Chi-square tests revealed that departures of observed genotypic frequencies from HWE expectations were significant for CIITA_161_C > T, CIITA_481_A > T, HSPA8_1024_A > G, HSPA8_1064_A > G, ESYT1_559_G > C, and STAT5B_197_A > G in Chinese goats and CIITA_161_C > T, CIITA_481_A > T, and ATP2A3_150_A > G in Bangladeshi goats (Table 4). Significant departures from HWE conditions for CIITA_161_C > T and CIITA_481_A > T in both populations are likely spurious results, reflecting very high allelic frequencies for the most common allele and limited sample sizes. Genotypic frequencies at other loci did not differ from HWE expectations

Population genetic diversity

Indicators of population genetic diversity such as the He, Ne, and PIC were highest for STAT5B_197_A > G and highest for YCW goats (0.50, 2.00, and 0.38, respectively) followed by CCB, BBG, ESB, and NJY goats. The lowest values for He, Ne, and PIC were observed for CIITA in all goat breeds. Values for He, Ne, and PIC were relatively high for SERPING1 and ATP2A3 in all goats breeds but were consistently moderate for the remaining loci (Table 5). Based on PIC, STAT5B, SERPING1, and ATP2A3 were categorized as having medium genetic diversity (0.25 < PIC < 0.50) for all goat breeds. CIITA, HSPA8, and ESYT1 were categorized as having low genetic diversity (PIC < 0.25) for all breeds except CCB and NJY for HSPA8_1024_A > G and HSPA8_1064_A > G and YCW for ESYT1_559_G > C, which were classified as having medium genetic diversity (Table 5).

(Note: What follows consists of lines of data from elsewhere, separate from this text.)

lemma submatrix_bordered:
  assumes M: "M \<in> carrier_mat p n" and i: "q \<le> i" "i < p" and j: "q \<le> j" "j < n"
  shows "submatrix M ({..<q} \<union> {i}) ({..<q} \<union> {j}) =
    four_block_mat (sub_mat M 0 0 q q) (sub_mat M 0 j q 1) (sub_mat M i 0 1 q) (sub_mat M i j 1 1)"
    (is "?S = ?B")
proof (rule eq_matI)
  have rows: "card {a. a < dim_row M \<and> a \<in> {..<q} \<union> {i}} = q + 1"
    and cols: "card {a. a < dim_col M \<and> a \<in> {..<q} \<union> {j}} = q + 1"
    using card_lessThan_insert i j M by auto
  then show "dim_row ?S = dim_row ?B" "dim_col ?S = dim_col ?B"
    by (simp_all add: dim_submatrix)
  fix a b assume "a < dim_row ?B" "b < dim_col ?B"
  then have a: "a < q + 1" and b: "b < q + 1" by auto
  have "pick ({..<q} \<union> {i}) a = (if a < q then a else i)"
    using pick_lessThan_insert[OF i(1)] a by (cases "a < q") (auto simp: less_Suc_eq)
  moreover have "pick ({..<q} \<union> {j}) b = (if b < q then b else j)"
    using pick_lessThan_insert[OF j(1)] b by (cases "b < q") (auto simp: less_Suc_eq)
  ultimately show "?S $$ (a, b) = ?B $$ (a, b)"
    using a b rows cols by (auto simp: submatrix_index)
qed

section \<open>Kernels of matrices with a nonsingular leading block\<close>

definition leading_kernel_mat :: "'a :: field mat \<Rightarrow> nat \<Rightarrow> 'a mat" where
  "leading_kernel_mat M q = mat (dim_col M) (dim_col M - q) (\<lambda>(i, j).
     if i < q then - (minv (sub_mat M 0 0 q q) * sub_mat M 0 q q (dim_col M - q)) $$ (i, j)
     else if i - q = j then 1 else 0)"

locale leading_block =
  fixes M :: "'a :: field mat" and p n q :: nat
  assumes M: "M \<in> carrier_mat p n" and q_le_p: "q \<le> p" and q_le_n: "q \<le> n"
    and det_leading: "det (sub_mat M 0 0 q q) \<noteq> 0"
begin

abbreviation "C11 \<equiv> sub_mat M 0 0 q q"
abbreviation "C12 \<equiv> sub_mat M 0 q q (n - q)"
abbreviation "K \<equiv> leading_kernel_mat M q"

lemma n_split: "n = q + (n - q)"
  using q_le_n by simp

lemma minv_C11: "minv C11 \<in> carrier_mat q q" "C11 * minv C11 = 1\<^sub>m q"
  using minv_inverse[OF sub_mat_carrier det_leading] by auto

lemma kernel_vec_eq_zero:
  assumes u: "u \<in> carrier_vec n" and Mu: "M *\<^sub>v u = 0\<^sub>v p" and tail: "vec_last u (n - q) = 0\<^sub>v (n - q)"
  shows "u = 0\<^sub>v n"
proof -
  have u_tail: "u $ (t + q) = 0" if "t < n - q" for t
    using arg_cong[OF tail, of "\<lambda>x. x $ t"] that u q_le_n unfolding vec_last_def
    by (simp add: add.commute)
  have "C11 *\<^sub>v vec_first u q = 0\<^sub>v q"
  proof (rule eq_vecI)
    fix i assume "i < dim_vec (0\<^sub>v q :: 'a vec)"
    then have i: "i < q" by simp
    have "0 = (M *\<^sub>v u) $ i"
      using Mu i q_le_p by simp
    also have "\<dots> = (\<Sum>t\<in>{0..<q + (n - q)}. M $$ (i, t) * u $ t)"
      using M u i q_le_p n_split by (simp add: scalar_prod_def)
    also have "\<dots> = (\<Sum>t\<in>{0..<q}. M $$ (i, t) * u $ t)"
      using u_tail by (simp add: sum_split_at)
    finally show "(C11 *\<^sub>v vec_first u q) $ i = 0\<^sub>v q $ i"
      using i by (simp add: scalar_prod_def vec_first_def)
  qed simp
  then have head: "vec_first u q = 0\<^sub>v q"
    using det_0_iff_vec_prod_zero_field[OF sub_mat_carrier, of M 0 0 q] det_leading
      vec_first_carrier[of u q] by blast
  show ?thesis
  proof (rule eq_vecI)
    fix i assume "i < dim_vec (0\<^sub>v n :: 'a vec)"
    then have i: "i < n" by simp
    show "u $ i = 0\<^sub>v n $ i"
    proof (cases "i < q")
      case True
      then show ?thesis
        using arg_cong[OF head, of "\<lambda>x. x $ i"] i by (simp add: vec_first_def)
    next
      case False
      then show ?thesis
        using u_tail[of "i - q"] i by simp
    qed
  qed (use u in simp)
qed

lemma kernel_vec_eqI:
  assumes v: "v \<in> carrier_vec n" and w: "w \<in> carrier_vec n"
    and Mvw: "M *\<^sub>v v = M *\<^sub>v w" and tail: "vec_last v (n - q) = vec_last w (n - q)"
  shows "v = w"
proof -
  have "v - w = 0\<^sub>v n"
  proof (rule kernel_vec_eq_zero)
    show "M *\<^sub>v (v - w) = 0\<^sub>v p"
      using mult_minus_distrib_mat_vec[OF M v w] Mvw M w by simp
    have "vec_last (v - w) (n - q) = vec_last v (n - q) - vec_last w (n - q)"
      by (rule eq_vecI) (use v w in \<open>auto simp: vec_last_def\<close>)
    then show "vec_last (v - w) (n - q) = 0\<^sub>v (n - q)"
      unfolding tail by simp
  qed (use v w in simp)
  show ?thesis
  proof (rule eq_vecI)
    fix i assume "i < dim_vec w"
    then show "v $ i = w $ i"
      using arg_cong[OF \<open>v - w = 0\<^sub>v n\<close>, of "\<lambda>x. x $ i"] v w by simp
  qed (use v w in simp)
qed

lemma leading_kernel_mat_carrier: "K \<in> carrier_mat n (n - q)"
  unfolding leading_kernel_mat_def using M by simp

lemma leading_kernel_mat_blocks:
  "sub_mat K 0 0 q (n - q) = - (minv C11 * C12)" "sub_mat K q 0 (n - q) (n - q) = 1\<^sub>m (n - q)"
  by (rule eq_matI; use M minv_C11(1) q_le_n in \<open>auto simp: leading_kernel_mat_def\<close>)+

lemma vec_last_leading_kernel_mat: "c \<in> carrier_vec (n - q) \<Longrightarrow> vec_last (K *\<^sub>v c) (n - q) = c"
  using vec_last_mult_mat_vec[where X = K and q = q and k = "n - q"] leading_kernel_mat_carrier leading_kernel_mat_blocks(2) n_split
  by simp

lemma leading_rows_mult_leading_kernel_mat: "sub_mat M 0 0 q n * K = 0\<^sub>m q (n - q)"
proof -
  have "C11 * (minv C11 * C12) = (C11 * minv C11) * C12"
    by (rule assoc_mult_mat[symmetric]) (use minv_C11 in auto)
  then have C11_K: "C11 * - (minv C11 * C12) = - C12"
    using minv_C11 by simp
  have "sub_mat M 0 0 q n * K = sub_mat (sub_mat M 0 0 q n) 0 0 q q * sub_mat K 0 0 q (n - q)
      + sub_mat (sub_mat M 0 0 q n) 0 q q (n - q) * sub_mat K q 0 (n - q) (n - q)"
    by (rule mult_split_inner) (use leading_kernel_mat_carrier q_le_n in auto)
  also have "\<dots> = - C12 + C12"
    using leading_kernel_mat_blocks q_le_n C11_K by simp
  finally show ?thesis
    by simp
qed

lemma lower_rows_mult_leading_kernel_mat:
  assumes rank: "vec_space.rank p M = q" and i: "q \<le> i" "i < p" and j: "j < n - q"
  shows "(M * K) $$ (i, j) = 0"
proof (rule ccontr)
  assume nz: "(M * K) $$ (i, j) \<noteq> 0"
  define c where "c = sub_mat M 0 (q + j) q 1"
  define r where "r = sub_mat M i 0 1 q"
  define d where "d = sub_mat M i (q + j) 1 1"
  have Cc: "minv C11 * c \<in> carrier_mat q 1"
    using minv_C11(1) unfolding c_def by simp
  have Kc: "(minv C11 * c) $$ (t, 0) = (minv C11 * C12) $$ (t, j)" if "t < q" for t
    using that j minv_C11(1) unfolding c_def by (auto simp: scalar_prod_def add.commute intro!: sum.cong)
  have K_lower: "(\<Sum>t\<in>{0..<n - q}. M $$ (i, t + q) * K $$ (t + q, j)) = d $$ (0, 0)"
  proof -
    have "(\<Sum>t\<in>{0..<n - q}. M $$ (i, t + q) * K $$ (t + q, j)) =
        (\<Sum>t\<in>{0..<n - q}. if t = j then M $$ (i, t + q) else 0)"
      by (rule sum.cong) (use j M in \<open>auto simp: leading_kernel_mat_def\<close>)
    then show ?thesis
      using j unfolding d_def by (simp add: add.commute)
  qed
  have "(M * K) $$ (i, j) = (\<Sum>t\<in>{0..<q + (n - q)}. M $$ (i, t) * K $$ (t, j))"
    using i j M leading_kernel_mat_carrier q_le_n by (simp add: scalar_prod_def)
  also have "\<dots> = (\<Sum>t\<in>{0..<q}. M $$ (i, t) * K $$ (t, j)) + d $$ (0, 0)"
    unfolding sum_split_at K_lower ..
  also have "(\<Sum>t\<in>{0..<q}. M $$ (i, t) * K $$ (t, j)) = (\<Sum>t\<in>{0..<q}. r $$ (0, t) * (- (minv C11 * c)) $$ (t, 0))"
    using j Kc Cc minv_C11(1) M unfolding r_def by (auto simp: leading_kernel_mat_def intro!: sum.cong)
  finally have schur: "(M * K) $$ (i, j) = (r * - (minv C11 * c) + d) $$ (0, 0)"
    using minv_C11(1) unfolding r_def c_def d_def by (simp add: scalar_prod_def sum_negf)
  have "submatrix M ({..<q} \<union> {i}) ({..<q} \<union> {q + j}) = four_block_mat C11 c r d"
    unfolding c_def r_def d_def using submatrix_bordered[OF M i, of "q + j"] j by simp
  then have "det (submatrix M ({..<q} \<union> {i}) ({..<q} \<union> {q + j})) = det C11 * (r * - (minv C11 * c) + d) $$ (0, 0)"
    using det_bordered_mat[OF sub_mat_carrier det_leading] unfolding c_def r_def d_def by simp
  then have "det (submatrix M ({..<q} \<union> {i}) ({..<q} \<union> {q + j})) \<noteq> 0"
    using schur nz det_leading by simp
  then have "card {a. a < n \<and> a \<in> {..<q} \<union> {q + j}} \<le> q"
    using vec_space.rank_gt_minor[OF M] rank by metis
  then show False
    using card_lessThan_insert[of q "q + j" n] j by (simp add: less_diff_conv add.commute)
qed

lemma mult_leading_kernel_mat:
  assumes rank: "vec_space.rank p M = q"
  shows "M * K = 0\<^sub>m p (n - q)"
proof (rule eq_matI)
  fix i j assume "i < dim_row (0\<^sub>m p (n - q) :: 'a mat)" "j < dim_col (0\<^sub>m p (n - q) :: 'a mat)"
  then have i: "i < p" and j: "j < n - q" by auto
  show "(M * K) $$ (i, j) = 0\<^sub>m p (n - q) $$ (i, j)"
  proof (cases "i < q")
    case True
    have "(M * K) $$ (i, j) = (sub_mat M 0 0 q n * K) $$ (i, j)"
      using True i j M leading_kernel_mat_carrier by (auto simp: scalar_prod_def intro!: sum.cong)
    then show ?thesis
      using leading_rows_mult_leading_kernel_mat True i j by simp
  next
    case False
    then show ?thesis
      using lower_rows_mult_leading_kernel_mat[OF rank _ i j] i j by simp
  qed
qed (use M leading_kernel_mat_carrier in auto)

lemma mat_kernel_leading_kernel_mat:
  assumes rank: "vec_space.rank p M = q"
  shows "mat_kernel M = {K *\<^sub>v c | c. c \<in> carrier_vec (n - q)}"
proof -
  have Kc: "K *\<^sub>v c \<in> carrier_vec n" if "c \<in> carrier_vec (n - q)" for c
    using leading_kernel_mat_carrier that by simp
  have MK: "M *\<^sub>v (K *\<^sub>v c) = 0\<^sub>v p" if "c \<in> carrier_vec (n - q)" for c
    using assoc_mult_mat_vec[OF M leading_kernel_mat_carrier that] mult_leading_kernel_mat[OF rank] that
    by simp
  show ?thesis
  proof (intro equalityI subsetI)
    fix v assume "v \<in> mat_kernel M"
    then have v: "v \<in> carrier_vec n" and Mv: "M *\<^sub>v v = 0\<^sub>v p"
      using mat_kernelD[OF M] by auto
    define c where "c = vec_last v (n - q)"
    have c: "c \<in> carrier_vec (n - q)"
      unfolding c_def by simp
    have "v = K *\<^sub>v c"
    proof (rule kernel_vec_eqI[OF v Kc[OF c]])
      show "M *\<^sub>v v = M *\<^sub>v (K *\<^sub>v c)"
        using Mv MK[OF c] by simp
      show "vec_last v (n - q) = vec_last (K *\<^sub>v c) (n - q)"
        using vec_last_leading_kernel_mat[OF c] unfolding c_def by simp
    qed
    then show "v \<in> {K *\<^sub>v c | c. c \<in> carrier_vec (n - q)}"
      using c by blast
  next
    fix v assume "v \<in> {K *\<^sub>v c | c. c \<in> carrier_vec (n - q)}"
    then obtain c where c: "c \<in> carrier_vec (n - q)" and v: "v = K *\<^sub>v c"
      by blast
    show "v \<in> mat_kernel M"
      unfolding v by (rule mat_kernelI[OF M Kc[OF c] MK[OF c]])
  qed
qed

lemma leading_kernel_mat_inj:
  assumes "c \<in> carrier_vec (n - q)" "K *\<^sub>v c = 0\<^sub>v n"
  shows "c = 0\<^sub>v (n - q)"
proof -
  have "c = vec_last (0\<^sub>v n) (n - q)"
    using vec_last_leading_kernel_mat[OF assms(1)] assms(2) by simp
  then show ?thesis
    using q_le_n by simp
qed

lemma det_tail_block_nonzero:
  assumes N: "N \<in> carrier_mat n (n - q)" and MN: "M * N = 0\<^sub>m p (n - q)"
    and inj: "\<And>c. c \<in> carrier_vec (n - q) \<Longrightarrow> N *\<^sub>v c = 0\<^sub>v n \<Longrightarrow> c = 0\<^sub>v (n - q)"
  shows "det (sub_mat N q 0 (n - q) (n - q)) \<noteq> 0"
proof -
  have "c = 0\<^sub>v (n - q)" if c: "c \<in> carrier_vec (n - q)" and N2c: "sub_mat N q 0 (n - q) (n - q) *\<^sub>v c = 0\<^sub>v (n - q)" for c
  proof (rule inj[OF c], rule kernel_vec_eqI)
    show "M *\<^sub>v (N *\<^sub>v c) = M *\<^sub>v 0\<^sub>v n"
      using assoc_mult_mat_vec[OF M N c] MN c M by simp
    show "vec_last (N *\<^sub>v c) (n - q) = vec_last (0\<^sub>v n) (n - q)"
      using vec_last_mult_mat_vec[where X = N and q = q and k = "n - q"] N c N2c q_le_n
      by simp
  qed (use N c in auto)
  then show ?thesis
    using det_0_iff_vec_prod_zero_field[OF sub_mat_carrier] by blast
qed

end

section \<open>Dynamical structure functions under block-diagonal changes of coordinates\<close>

lemma cmat_carrier[simp]: "A \<in> carrier_mat a b \<Longrightarrow> cmat A \<in> carrier_mat a b"
  by (simp add: cmat_def)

Table 5 Heterozygosity (He), effective allele number (Ne), and polymorphism information content (PIC) for each SNP and breed
Full size table

Population association analysis

Association analysis confirmed that 10 SNP from six genes (CIITA, HSPA8, STAT5B, ESYT1, ATP2A3, and SERPING1) were significantly associated with FEC, with nominal significance levels of P < 0.05 to P < 0.01 (Table 6). Highly significant (P < 0.01) associations were observed for HSPA8_1024_A > G, HSPA8_1064_A > G, SERPING1_312_C > T, SERPING1 615_G > T, and ATP2A3_680_A > C (Table 6). Large differences were observed between TT and CC genotypes (P = 0.003) and TT and TC genotypes (P = 0.004) at SERPING1_312_C > T, between TT and GG genotypes (P = 0.002) and TT and GT genotypes (P = 0.005) at SERPING1_615_G > T, and between CC and AA genotypes (P = 0.012) at ATP2A3_680_A > C. Differences between some others genotypes also reached lower levels of significance (P < 0.05) (Table 6).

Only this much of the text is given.